[Opening AVAILABLE RECORDS section]
lemma beta_differentiable:
  assumes "\<And>j. j \<le> k \<Longrightarrow> coeffwise_differentiable (opoly j)"
  shows "beta k differentiable (at y)"
proof (cases k)
  case 0
  then have "beta k = (\<lambda>y. 0)" by (auto simp: beta_def)
  then show ?thesis by simp
next
  case (Suc j)
  then have "beta k = (\<lambda>y. hn k y / hn j y)" by (auto simp: beta_def)
  then show ?thesis
    using hn_differentiable[OF assms] hn_pos[of j y] Suc by (auto intro!: differentiable_divide)
qed

lemma coeffwise_differentiable_opoly: "coeffwise_differentiable (opoly n)"
proof (induction n rule: less_induct)
  case (less n)
  show ?case
  proof (cases n)
    case 0
    then have "opoly n = (\<lambda>y. 1)" by auto
    then show ?thesis by (simp add: coeffwise_differentiable_const)
  next
    case (Suc k)
    have IH: "coeffwise_differentiable (opoly j)" if "j \<le> k" for j
      using less Suc that by simp
    have "opoly n = (\<lambda>y. pCons 0 (opoly k y) - Polynomial.smult (alpha k y) (opoly k y)
        - Polynomial.smult (beta k y) (opoly_prev k y))"
      using Suc by (auto simp: opoly_Suc)
    moreover have "coeffwise_differentiable (opoly_prev k)"
      using IH by (cases k) (auto simp: opoly_prev_def[abs_def] coeffwise_differentiable_const)
    ultimately show ?thesis
      using alpha_differentiable[OF IH[OF order.refl]] beta_differentiable[OF IH]
      by (simp only:) (intro coeffwise_differentiable_diff coeffwise_differentiable_pCons_0
          coeffwise_differentiable_smult IH order.refl)
  qed
qed

lemma deg_lt_coeffwise_deriv_opoly: "deg_lt (coeffwise_deriv (opoly n) x) n"
  unfolding deg_lt_def
proof (intro allI impI)
  fix i assume "n \<le> i"
  then have "(\<lambda>y. coeff (opoly n y) i) = (\<lambda>y. if i = n then 1 else 0)"
    by (intro ext) (simp add: coeff_opoly_above)
  then show "coeff (coeffwise_deriv (opoly n) x) i = 0"
    unfolding coeff_coeffwise_deriv[OF coeffwise_differentiable_opoly] by (simp add: DERIV_imp_deriv)
qed

text \<open>Differentiate the orthogonality relation \<open>wint x (opoly n x * q) = 0\<close> in \<open>x\<close>.\<close>

lemma wint_coeffwise_deriv_opoly_mult:
  assumes "deg_lt q n"
  shows "wint x (coeffwise_deriv (opoly n) x * q)
    = (\<Sum>k=1..m. weight_jump k x * poly (opoly n x) (tk k x) * poly q (tk k x))"
proof -
  have F: "coeffwise_differentiable (\<lambda>y. opoly n y * q)"
    by (intro coeffwise_differentiable_mult coeffwise_differentiable_opoly
        coeffwise_differentiable_const)
  have "((\<lambda>y. wint y (opoly n y * q)) has_real_derivative
      wint x (coeffwise_deriv (\<lambda>y. opoly n y * q) x)
        - (\<Sum>k=1..m. weight_jump k x * poly (opoly n x * q) (tk k x))) (at x)"
    by (rule wint_has_derivative[OF F])
  moreover have "((\<lambda>y. wint y (opoly n y * q)) has_real_derivative 0) (at x)"
    by (simp add: wint_opoly_orthogonal[OF assms])
  ultimately have "wint x (coeffwise_deriv (\<lambda>y. opoly n y * q) x)
      - (\<Sum>k=1..m. weight_jump k x * poly (opoly n x * q) (tk k x)) = 0"
    by (rule DERIV_unique)
  then show ?thesis
    unfolding coeffwise_deriv_mult_const[OF coeffwise_differentiable_opoly] by (simp add: mult.assoc)
qed

lemma wint_pderiv_opoly_mult:
  assumes "deg_lt q n" "n \<ge> 1"
  shows "wint x (pderiv (opoly n x) * q)
    = 2 * coeff q (n - 1) * hn n x
      - (\<Sum>k=1..m. weight_jump k x * poly (opoly n x) (tk k x) * poly q (tk k x))"
proof -
  let ?P = "opoly n x"
  have "wint x (pderiv (?P * q)) = wint x (?P * pderiv q) + wint x (pderiv ?P * q)"
    by (simp only: pderiv_mult mult.commute[of q] wint_add)
  moreover have "wint x (?P * pderiv q) = 0"
    by (rule wint_opoly_orthogonal[OF deg_lt_pderiv[OF assms(1)]])
  moreover have "wint x (pCons 0 (?P * q)) = coeff q (n - 1) * hn n x"
    using wint_opoly_mult_deg_lt_Suc[OF deg_lt_pCons[OF assms(1)], where x = x] assms(2)
    by (cases n) simp_all
  ultimately show ?thesis
    using wint_pderiv[of x "?P * q"] by (simp add: mult.assoc)
qed

text \<open>The ladder relation \<open>\<partial>\<^sub>x P\<^sub>n + P\<^sub>n' = 2 \<beta>\<^sub>n P\<^sub>n\<^sub>-\<^sub>1\<close>: the left side has degree \<open>< n\<close>
  and, by the two lemmas above, the same inner products with lower degrees as the right side.\<close>

lemma coeffwise_deriv_opoly_add_pderiv:
  assumes "n \<ge> 1"
  shows "coeffwise_deriv (opoly n) x + pderiv (opoly n x)
    = Polynomial.smult (2 * beta n x) (opoly (n - 1) x)"
proof -
  let ?Q = "opoly (n - 1) x"
  define G where
    "G = coeffwise_deriv (opoly n) x + pderiv (opoly n x) - Polynomial.smult (2 * beta n x) ?Q"
  have "deg_lt G n"
    unfolding G_def using assms
    by (intro deg_lt_diff deg_lt_add deg_lt_smult deg_lt_coeffwise_deriv_opoly deg_lt_pderiv_opoly
        deg_lt_opoly) simp
  have "wint x (G * q) = 0" if "deg_lt q n" for q
  proof -
    have "wint x (?Q * q) = coeff q (n - 1) * hn (n - 1) x"
      using wint_opoly_mult_deg_lt_Suc[where q = q and n = "n - 1" and x = x] that assms by simp
    moreover have "wint x (G * q) = wint x (coeffwise_deriv (opoly n) x * q)
        + wint x (pderiv (opoly n x) * q) - 2 * beta n x * wint x (?Q * q)"
      unfolding G_def by (simp only: ring_distribs wint_add wint_diff wint_smult mult_smult_left)
    ultimately have "wint x (G * q) = 2 * coeff q (n - 1) * (hn n x - beta n x * hn (n - 1) x)"
      by (simp only: wint_coeffwise_deriv_opoly_mult[OF that] wint_pderiv_opoly_mult[OF that assms])
        (simp add: algebra_simps)
    then show ?thesis using beta_mult_hn[OF assms] by simp
  qed
  then have "wint x (G * G) = 0" using \<open>deg_lt G n\<close> by blast
  then have "G = 0" using wint_square_pos[of G x] by fastforce
  then show ?thesis unfolding G_def by (simp add: algebra_simps)
qed

lemma hn_has_derivative: "(hn n has_real_derivative - 2 * alpha n x * hn n x) (at x)"
proof -
  let ?F = "\<lambda>y. opoly n y * opoly n y"
  have "((\<lambda>y. wint y (?F y)) has_real_derivative
      wint x (coeffwise_deriv ?F x) - (\<Sum>k=1..m. weight_jump k x * poly (?F x) (tk k x))) (at x)"
    by (intro wint_has_derivative coeffwise_differentiable_mult coeffwise_differentiable_opoly)
  moreover have "wint x (coeffwise_deriv ?F x) = 0"
  proof -
    let ?D = "coeffwise_deriv (opoly n) x"
    have "wint x (coeffwise_deriv ?F x) = wint x (?D * opoly n x) + wint x (opoly n x * ?D)"
      by (simp only: coeffwise_deriv_mult[OF coeffwise_differentiable_opoly coeffwise_differentiable_opoly]
          wint_add)
    then show ?thesis
      using wint_opoly_orthogonal[OF deg_lt_coeffwise_deriv_opoly[of n x], where x = x]
      by (simp add: wint_commute[of x ?D])
  qed
  moreover have "(\<Sum>k=1..m. weight_jump k x * poly (?F x) (tk k x)) = 2 * alpha n x * hn n x"
    using sum_jumps_opoly_sq[of x n] by (simp add: power2_eq_square)
  moreover have "(\<lambda>y. wint y (?F y)) = hn n" by (auto simp: hn_def)
  ultimately show ?thesis by simp
qed

lemma poly_opoly_at_tk_has_derivative:
  "((\<lambda>y. poly (opoly n y) (tk k y)) has_real_derivative
     2 * beta n x * poly (opoly_prev n x) (tk k x)) (at x)"
proof (cases n)
  case 0
  then show ?thesis by (simp add: opoly_prev_def beta_def)
next
  case (Suc j)
  have "poly (coeffwise_deriv (opoly n) x) (tk k x) + poly (pderiv (opoly n x)) (tk k x)
      = 2 * beta n x * poly (opoly_prev n x) (tk k x)"
    using arg_cong[OF coeffwise_deriv_opoly_add_pderiv[of n x], of "\<lambda>p. poly p (tk k x)"] Suc
    by (simp add: opoly_prev_def)
  then show ?thesis using poly_at_tk_has_derivative[OF coeffwise_differentiable_opoly, of n k x] by simp
qed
[Closing AVAILABLE RECORDS section]
--- WHAT YOU SHOULD DO ---
Only lines containing the string "cases" belong in the answer; find them in the data above and copy them.

--- SOLUTION FOR THIS EXERCISE ---
proof (cases k)
  proof (cases n)
      using IH by (cases k) (auto simp: opoly_prev_def[abs_def] coeffwise_differentiable_const)
    by (cases n) simp_all
proof (cases n)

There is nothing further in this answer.